**Dataset entries:**
lemma first_row_GE2_connected:
  assumes "e \<in> GE2" "g \<in> GL2"
  shows "Gamma_adj\<^sup>*\<^sup>* (vclass (fst g)) (vclass (fst (mat_mult e g)))"
  using assms unfolding GE2_def
proof (induction e rule: gen_by.induct)
  case gen_one
  then show ?case by simp
next
  case (gen_mult s e)
  have "mat_mult e g \<in> GL2"
    using gen_mult GE2_subset_GL2 unfolding GE2_def by (blast intro: GL2_mat_mult)
  then have "Gamma_adj\<^sup>*\<^sup>* (vclass (fst (mat_mult e g))) (vclass (fst (mat_mult s (mat_mult e g))))"
    using gen_mult.hyps(1) by (rule first_row_generator_connected)
  with gen_mult.IH gen_mult.prems show ?case
    by (simp add: mat_mult_assoc)
qed

lemma same_first_row_class_coset:
  assumes g: "g \<in> GL2" and h: "h \<in> GL2" and same: "vclass (fst g) = vclass (fst h)"
  shows "h \<in> coset_act GE2 g"
proof -
  obtain c where c: "c dvd 1" "fst h = (c * fst (fst g), c * snd (fst g))"
    using vclass_eq_imp_unit_multiple[OF same] by blast
  obtain N where N: "mat_mult g N = mat_one" "mat_mult N g = mat_one"
    using g unfolding GL2_def by blast
  define e where "e = mat_mult h N"
  have e_g: "mat_mult e g = h"
    unfolding e_def mat_mult_assoc N(2) by simp
  have "N \<in> GL2" using N unfolding GL2_def by blast
  with h have "e \<in> GL2" unfolding e_def by (rule GL2_mat_mult)
  then have det_e: "det2 e dvd 1" by (simp add: GL2_iff_det2_unit)
  have "row_mult (fst g) N = (1, 0)"
    using N(1) unfolding fst_mat_mult[symmetric] by (simp add: mat_one_def)
  then have "fst e = (c, 0)"
    unfolding e_def fst_mat_mult c(2) row_mult_unit_multiple by simp
  then obtain d t where e_eq: "e = ((c, 0), (d, t))" by (metis prod.collapse)
  then have "t dvd 1" using det_e by (simp add: dvd_mult_right)
  then have "e \<in> GE2" unfolding e_eq using c(1) by (rule lower_triangular_GE2[rotated])
  then show ?thesis unfolding coset_act_iff using e_g by blast
qed

lemma connected_first_rows_imp_coset:
  assumes "Gamma_adj\<^sup>*\<^sup>* (vclass (fst g)) Y" and g: "g \<in> GL2"
  shows "h \<in> GL2 \<Longrightarrow> Y = vclass (fst h) \<Longrightarrow> h \<in> coset_act GE2 g"
  using assms(1)
proof (induction arbitrary: h rule: rtranclp_induct)
  case base
  then show ?case using g same_first_row_class_coset by blast
next
  case (step Y Z)
  then obtain u v where uv: "Y = vclass u" "Z = vclass v" "(u, v) \<in> GL2"
    unfolding Gamma_adj_def by blast
  then have uv_coset: "(u, v) \<in> coset_act GE2 g" using step.IH by simp
  let ?r = "mat_mult ((0, 1), (- 1, 0)) (u, v)"
  have r_coset: "?r \<in> coset_act GE2 (u, v)"
    using rotation_GE2 unfolding coset_act_iff by blast
  then have "?r \<in> GL2" using coset_act_GE2_subset_GL2[OF uv(3)] by blast
  moreover have "fst ?r = v" by (cases u; cases v) simp
  ultimately have "h \<in> coset_act GE2 ?r"
    using same_first_row_class_coset[of ?r h] step.prems uv(2) by simp
  then show ?case
    using r_coset uv_coset unfolding GE2_def by (blast intro: coset_act_gen_by_trans)
qed
(* The LMI states that the storage function V x = x^T P x, combined with the sector supply
   (Wout x)^T S (Wout x) - w^T S w of the ReLU and the IQC supply for Pi, decreases along the
   unforced network by at least e |(x, w)|^2.  For positive diagonal S the ReLU gives
   w^T S w <= xi^T S xi, and the inputs (s, v) perturb each of the three quadratic forms by a
   bilinear plus quadratic term in |(x, w)| and |(s, v)|, which Young's inequality absorbs into
   half of the decrease.  Summing the resulting dissipation inequality up to tau, V telescopes
   (V (x 0) = 0 and V >= 0) and the IQC makes the summed Pi-supply nonnegative, so that
   sum |(z, w)|^2 <= gamma^2 * sum |(s, v)|^2. *)

lemma sum_UNIV_Plus:
  "(\<Sum>i\<in>(UNIV::('a::finite + 'b::finite) set). f i) =
     (\<Sum>a\<in>UNIV. f (Inl a)) + (\<Sum>b\<in>UNIV. f (Inr b))"
  using sum.Plus[of "UNIV::'a set" "UNIV::'b set" f] by (simp add: comp_def)

lemma inner_vstack: "vstack a b \<bullet> vstack c d = a \<bullet> c + b \<bullet> d"
  by (simp add: inner_vec_def vstack_def sum_UNIV_Plus)

lemma vstack_add: "vstack a b + vstack c d = vstack (a + c) (b + d)"
  by (simp add: vstack_def vec_eq_iff split: sum.splits)
(* Let $n\ge 1$ and $k\ge 3$ be integers and $p:=k-2$. Let $\{v_1,\dots,v_n\}$ be an orthonormal basis of $\mathbb{R}^n$ and $\lambda_r,\kappa_r\in\mathbb{R}$ with $\kappa_r<0$ for all $r$. Let $\mathcal A=\sum_{r=1}^n\lambda_r v_r^{\otimes k}$, $K=\sum_{r=1}^n\kappa_r v_rv_r^\top$, and consider $\dot x=Kx+\mathcal A x^{k-1}$ with initial condition $x(0)=x_0$ and modal coordinates $y_r(t)=v_r^\top x(t)$. Let $\mathcal I_+:=\{r:\lambda_r>0\}$, $\mathcal I_-:=\{r:\lambda_r<0\}$; for $r\in\mathcal I_+$ let $c_r:=(-\kappa_r/\lambda_r)^{1/p}>0$, and for $p$ odd and $r\in\mathcal I_-$ let $c_r:=-(\kappa_r/\lambda_r)^{1/p}<0$. (i) If $p$ is even and there exists $r\in\mathcal I_+$ with $|v_r^\top x_0|>c_r$, then the solution escapes to infinity in finite time. (ii) If $p$ is odd: if there exists $r\in\mathcal I_+$ with $v_r^\top x_0>c_r$, then the solution escapes in finite time with $y_r(t)\to+\infty$; moreover, for $r\in\mathcal I_+$, any initial condition with $v_r^\top x_0<c_r$ (in particular any $v_r^\top x_0<0$) yields a forward-complete mode $y_r$ converging to $0$. If there exists $r\in\mathcal I_-$ with $v_r^\top x_0<c_r$, then the solution escapes in finite time with $y_r(t)\to-\infty$. In all cases, the (first) finite-time escape time is $T_{\mathrm{esc}}=\min_{r} T_{\mathrm{esc},r}$, where for each mode $r$ with $\lambda_r\neq 0$ whose initial value $y_{r,0}:=v_r^\top x_0$ satisfies one of the escape conditions above, $$T_{\mathrm{esc},r}=\frac{1}{p|\kappa_r|}\ln\!\left(\frac{\lambda_r/|\kappa_r|}{\lambda_r/|\kappa_r|-y_{r,0}^{-p}}\right),$$ and $T_{\mathrm{esc},r}=+\infty$ for modes that satisfy no escape condition.
   Context: For $v\in\mathbb{R}^n$, $v^{\otimes k}$ is the $k$th-order tensor with entries $(v^{\otimes k})_{i_1\cdots i_k}=v_{i_1}\cdots v_{i_k}$. For a $k$th-order tensor $\mathcal A=(a_{i_1\cdots i_k})$ and $x\in\mathbb{R}^n$, $(\mathcal A x^{k-1})_i=\sum_{i_2,\dots,i_k=1}^n a_{i i_2\cdots i_k}x_{i_2}\cdots x_{i_k}$. Escape to infinity in finite time means $\|x(t)\|_2\to\infty$ as $t$ approaches a finite time. *)

theory Defs
  imports "HOL-Analysis.Analysis"
begin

**Goal of the exercise:** State, as a bare number, how many lines of the records above include "supply".

**Result of this task:** 3